The main feature about jpeg compression is that it is lossy, which means that the output image is not identical to the input image. Documents about software using jpeg compression usually claim that you can obtain good compression levels with no visible change. As long as you do not start to rotate or apply other complex image processing operations on pictures, this might even be true. Otherwise an ugly grid will appear soon.
Most important jfif is commonly used to encode images of more or less undressed people. To store as many such pictures as possible on as less space as possible, the compression rate is usually set to a high value. This makes these people look if they are suffered by leprosy or just a drawing by Egon Schiele.
Furthermore many people outside English speaking countries pronounce jpeg (``jay-peg'') as GPEG (``gee-peg''), even if they are normally capable of proper English pronunciation.
...an extensible file format for the lossless, portable, well-compressed storage of raster images. PNG provides a patent-free replacement for the GIF format and can also replace many common uses of TIFF format. Indexed-color, grayscale, and truecolor images are supported, plus an optional alpha channel. Sample depths range from 1 to 16 bits. PNG is designed to work well in online viewing applications, such as the World Wide Web, and so it is fully streamable with a progressive display option.

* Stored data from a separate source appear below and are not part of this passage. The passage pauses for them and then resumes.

(* Let $N$ be a prime number, let $\omega=\exp(i\pi k/N)$ with $0<k<2N$ and $\gcd(k,2N)=1$ be a primitive $2N$-th root of unity, and let $L\subset\mathbb{R}^3$ be an oriented link. Then $V_N(L)=U_N^{\nu}\cdot \tilde V_N(L)$, where $\nu$ is the multiplicity of the root of $V_N(L)$ at $q=\omega$, $\tilde V_N(L)\in\mathbb{Z}[q,q^{-1}]$, and $U_N$ does not divide $\tilde V_N(L)$ in $\mathbb{Z}[q,q^{-1}]$.
   Context: For $N\in\mathbb{N}$, $V_N\colon\{\text{oriented links in }\mathbb{R}^3\}/\text{isotopy}\to\mathbb{Z}[q,q^{-1}]$ denotes the unique link invariant with $V_N(\text{unknot})=1$ satisfying the skein relation $q^{-N}V_N(L_+)-q^{N}V_N(L_-)=(q^{-1}-q)V_N(L_0)$, where $L_+,L_-,L_0$ differ only near one point as a positive crossing, a negative crossing and the oriented smoothing. Further $U_N=\frac{q^{-N}-q^{N}}{q^{-1}-q}=q^{-N+1}+q^{-N+3}+\dots+q^{N-1}$ for $N\ge 2$. *)

theory Defs
  imports Complex_Main "HOL-Library.Poly_Mapping" "HOL-Computational_Algebra.Polynomial"
begin

text \<open>A Laurent polynomial in q with integer coefficients is a finitely supported
  map from exponents (int) to coefficients (int); the convolution product of
  Poly_Mapping makes this the commutative ring Z[q,q^-1].\<close>

type_synonym lpoly = "int \<Rightarrow>\<^sub>0 int"

definition qpow :: "int \<Rightarrow> lpoly" where
  "qpow e = Poly_Mapping.single e 1"

definition U :: "nat \<Rightarrow> lpoly" where
  "U N = (\<Sum>j<N. qpow (2 * int j - int N + 1))"

text \<open>The ordinary complex polynomial q^(-m) f(q), m the lowest exponent of f;
  it has the same nonzero roots with the same multiplicities as f.\<close>
definition lp_to_poly :: "lpoly \<Rightarrow> complex poly" where
  "lp_to_poly f =
     (let m = (if Poly_Mapping.keys f = {} then 0 else Min (Poly_Mapping.keys f));
          M = (if Poly_Mapping.keys f = {} then 0 else Max (Poly_Mapping.keys f))
      in Poly (map (\<lambda>j. of_int (Poly_Mapping.lookup f (m + int j))) [0..<nat (M - m) + 1]))"

definition root_mult :: "lpoly \<Rightarrow> complex \<Rightarrow> nat" where
  "root_mult f w = order w (lp_to_poly f)"

text \<open>A braid word on n strands: list of generators (i, s), 1 \<le> i < n,
  s = True for sigma_i (positive crossing), s = False for sigma_i^-1.
  By Alexander's theorem every oriented link is the closure of such a braid,
  and by Markov's theorem two closures are isotopic iff the braids are related
  by braid relations, conjugation and (de)stabilization.\<close>

type_synonym braid = "(nat \<times> bool) list"

definition braid_word :: "nat \<Rightarrow> braid \<Rightarrow> bool" where
  "braid_word n w \<longleftrightarrow> (\<forall>(i, s) \<in> set w. 1 \<le> i \<and> i < n)"
(* Let $F\subset\mathbb{R}^2_{\geq}$ be a compact convex polygon with vertices $P_1,\dots,P_n$ ordered clockwise, and let $\tau_1$ be the extremal ray of $L_{\mathbb{Q}_{\geq}}(F)$ with the greater slope. Suppose $\tau_1\cap F=\{P_1\}$. For $i\in\mathbb{N}$, let $V_i$ denote the intersection point of the segments $\overline{(iP_1)(iP_2)}$ and $\overline{((i+1)P_n)((i+1)P_1)}$, whenever these segments intersect. Then there is a line parallel to $\tau_1$ containing every such point $V_i$.
   Context: $\mathbb{N}=\{0,1,2,\dots\}$; $\overline{XY}$ is the closed segment from $X$ to $Y$. For $A\subseteq\mathbb{R}^2_{\geq}$, $L_{\mathbb{Q}_{\geq}}(A)=\{\sum_{i=1}^p q_ia_i\mid p\in\mathbb{N},\ q_i\in\mathbb{Q}_{\geq},\ a_i\in A\}$ and its extremal rays are its two boundary half-lines from the origin. *)

theory Defs
  imports "HOL-Analysis.Analysis"
begin

type_synonym pt = "real \<times> real"

definition nonneg_quadrant :: "pt set" where
  "nonneg_quadrant = {x. 0 \<le> fst x \<and> 0 \<le> snd x}"

definition cross :: "pt \<Rightarrow> pt \<Rightarrow> real" where
  "cross u v = fst u * snd v - snd u * fst v"

definition cyc :: "nat \<Rightarrow> nat \<Rightarrow> nat" where
  "cyc n i = (if i = n then 1 else i + 1)"

text \<open>P 1, ..., P n are the vertices of a (non-degenerate) convex polygon, listed clockwise:
  for each edge from P i to its successor, all other vertices lie strictly to the right.\<close>
definition convex_polygon_cw :: "nat \<Rightarrow> (nat \<Rightarrow> pt) \<Rightarrow> bool" where
  "convex_polygon_cw n P \<longleftrightarrow> 3 \<le> n \<and>
     (\<forall>i\<in>{1..n}. \<forall>j\<in>{1..n}. j \<noteq> i \<and> j \<noteq> cyc n i \<longrightarrow>
        cross (P (cyc n i) - P i) (P j - P i) < 0)"

definition LQ :: "pt set \<Rightarrow> pt set" where
  "LQ A = {(\<Sum>i<p. q i *\<^sub>R a i) | (p::nat) (q::nat \<Rightarrow> real) (a::nat \<Rightarrow> pt).
             \<forall>i<p. q i \<in> (\<rat> :: real set) \<and> 0 \<le> q i \<and> a i \<in> A}"

definition ray :: "pt \<Rightarrow> pt set" where
  "ray d = {t *\<^sub>R d | t. 0 \<le> t}"

definition extremal_ray :: "pt set \<Rightarrow> pt set \<Rightarrow> bool" where
  "extremal_ray C R \<longleftrightarrow> (\<exists>d. d \<noteq> 0 \<and> R = ray d) \<and> R \<subseteq> frontier C"

text \<open>For nonzero vectors in the closed first quadrant, x has greater slope than y
  (slope snd/fst, vertical counted as +infinity) iff cross y x > 0.\<close>
definition greater_slope :: "pt set \<Rightarrow> pt set \<Rightarrow> bool" where
  "greater_slope R S \<longleftrightarrow> (\<forall>x\<in>R. \<forall>y\<in>S. x \<noteq> 0 \<longrightarrow> y \<noteq> 0 \<longrightarrow> cross y x > 0)"

definition parallel_line :: "pt \<Rightarrow> pt set \<Rightarrow> pt set" where
  "parallel_line c R = {c + t *\<^sub>R x | t x. x \<in> R}"

end

theory Submission
  imports Defs
begin

text \<open>Put \<open>u = P 2 - P 1\<close> and \<open>w = P 1 - P n\<close>, which are linearly independent since the
  polygon turns strictly at \<open>P 1\<close>. A point \<open>V\<close> on both segments has the form
  \<open>i P\<^sub>1 + x u = (i+1) P\<^sub>1 - y w\<close>, so \<open>P\<^sub>1 = x u + y w\<close>; hence \<open>x\<close> is the \<open>u\<close>-coordinate of
  \<open>P\<^sub>1\<close> in the basis \<open>u, w\<close>, independent of \<open>i\<close>. Thus \<open>V = x u + i P\<^sub>1\<close>, and as \<open>P\<^sub>1 \<in> \<tau>\<^sub>1\<close>
  these points lie on the line through \<open>x u\<close> parallel to \<open>\<tau>\<^sub>1\<close>.\<close>

lemma cross_scaleR_left: "cross (c *\<^sub>R u) v = c * cross u v"
  by (simp add: cross_def algebra_simps)

lemma cross_self: "cross v v = 0"
  by (simp add: cross_def)

lemma cross_add_left: "cross (u + u') v = cross u v + cross u' v"
  by (simp add: cross_def algebra_simps)

lemma cramer_coeff:
  assumes "cross u w \<noteq> 0" and "p = x *\<^sub>R u + y *\<^sub>R w"
  shows "x = cross p w / cross u w"
  using assms by (simp add: cross_add_left cross_scaleR_left cross_self)

lemma convex_polygon_cw_turn_at_first:
  assumes "convex_polygon_cw n P"
  shows "cross (P 2 - P 1) (P n - P 1) < 0"
proof -
  have n3: "3 \<le> n"
    using assms by (simp add: convex_polygon_cw_def)
  then have "n \<noteq> 1" "n \<noteq> cyc n 1" "cyc n 1 = 2"
    by (auto simp: cyc_def)
  moreover have "1 \<in> {1..n}" "n \<in> {1..n}"
    using n3 by auto
  ultimately show ?thesis
    using assms unfolding convex_polygon_cw_def by metis
qed

lemma segment_corner_intersection:
  fixes A B C V :: pt and t :: real
  assumes D: "cross (B - A) (A - C) \<noteq> 0"
    and V_AB: "V \<in> closed_segment (t *\<^sub>R A) (t *\<^sub>R B)"
    and V_CA: "V \<in> closed_segment ((t + 1) *\<^sub>R C) ((t + 1) *\<^sub>R A)"
  shows "V = (cross A (A - C) / cross (B - A) (A - C)) *\<^sub>R (B - A) + t *\<^sub>R A"
proof -
  obtain s r where
    s: "V = (1 - s) *\<^sub>R (t *\<^sub>R A) + s *\<^sub>R (t *\<^sub>R B)" and
    r: "V = (1 - r) *\<^sub>R ((t + 1) *\<^sub>R C) + r *\<^sub>R ((t + 1) *\<^sub>R A)"
    using V_AB V_CA unfolding closed_segment_def by blast
  have V_u: "V = t *\<^sub>R A + (s * t) *\<^sub>R (B - A)"
    using s by (simp add: algebra_simps)
  have V_w: "V = (t + 1) *\<^sub>R A - ((1 - r) * (t + 1)) *\<^sub>R (A - C)"
    using r by (simp add: algebra_simps)
  have "A = (s * t) *\<^sub>R (B - A) + ((1 - r) * (t + 1)) *\<^sub>R (A - C)"
    using V_u V_w by (simp add: algebra_simps)
  with D have "s * t = cross A (A - C) / cross (B - A) (A - C)"
    by (rule cramer_coeff)
  then show ?thesis
    using V_u by simp
qed

theorem lemma3p2:
  fixes n :: nat and P :: "nat \<Rightarrow> real \<times> real" and F \<tau>1 :: "(real \<times> real) set"
  assumes poly: "convex_polygon_cw n P"
    and F_def: "F = convex hull (P ` {1..n})"
    and F_quad: "F \<subseteq> nonneg_quadrant"
    and tau1_ext: "extremal_ray (LQ F) \<tau>1"
    and tau1_steeper: "\<forall>\<tau>. extremal_ray (LQ F) \<tau> \<and> \<tau> \<noteq> \<tau>1 \<longrightarrow> greater_slope \<tau>1 \<tau>"
    and tau1_F: "\<tau>1 \<inter> F = {P 1}"
  shows "\<exists>c. \<forall>(i::nat) V.
           closed_segment (real i *\<^sub>R P 1) (real i *\<^sub>R P 2)
             \<inter> closed_segment (real (i + 1) *\<^sub>R P n) (real (i + 1) *\<^sub>R P 1) = {V}
           \<longrightarrow> V \<in> parallel_line c \<tau>1"
proof -
  define u where "u = P 2 - P 1"
  define a where "a = cross (P 1) (P 1 - P n) / cross u (P 1 - P n)"
  have P1_tau1: "P 1 \<in> \<tau>1"
    using tau1_F by blast
  have D: "cross (P 2 - P 1) (P 1 - P n) \<noteq> 0"
    using convex_polygon_cw_turn_at_first [OF poly]
    unfolding cross_def by (auto simp: algebra_simps)
  show ?thesis
  proof (intro exI allI impI)
    fix i :: nat and V
    assume "closed_segment (real i *\<^sub>R P 1) (real i *\<^sub>R P 2)
             \<inter> closed_segment (real (i + 1) *\<^sub>R P n) (real (i + 1) *\<^sub>R P 1) = {V}"
    then have "V \<in> closed_segment (real i *\<^sub>R P 1) (real i *\<^sub>R P 2)"
      and "V \<in> closed_segment ((real i + 1) *\<^sub>R P n) ((real i + 1) *\<^sub>R P 1)"
      by (auto simp: add.commute)
    then have "V = a *\<^sub>R u + real i *\<^sub>R P 1"
      unfolding a_def u_def by (rule segment_corner_intersection [OF D])
    then show "V \<in> parallel_line (a *\<^sub>R u) \<tau>1"
      unfolding parallel_line_def using P1_tau1 by blast
  qed
qed

end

Above all PNG supports most obvious things several other formats failed to include. There is nothing really remarkable about it, but today one has the be glad even about this. So it can be said that PNG is one of the view positive things that happened in the last ten years.
But even despite that their is free source code available to read PNG-images, and the word ``Network'' is part of it's name (to conform to the hype), only few applications and w3-browsers support it for now.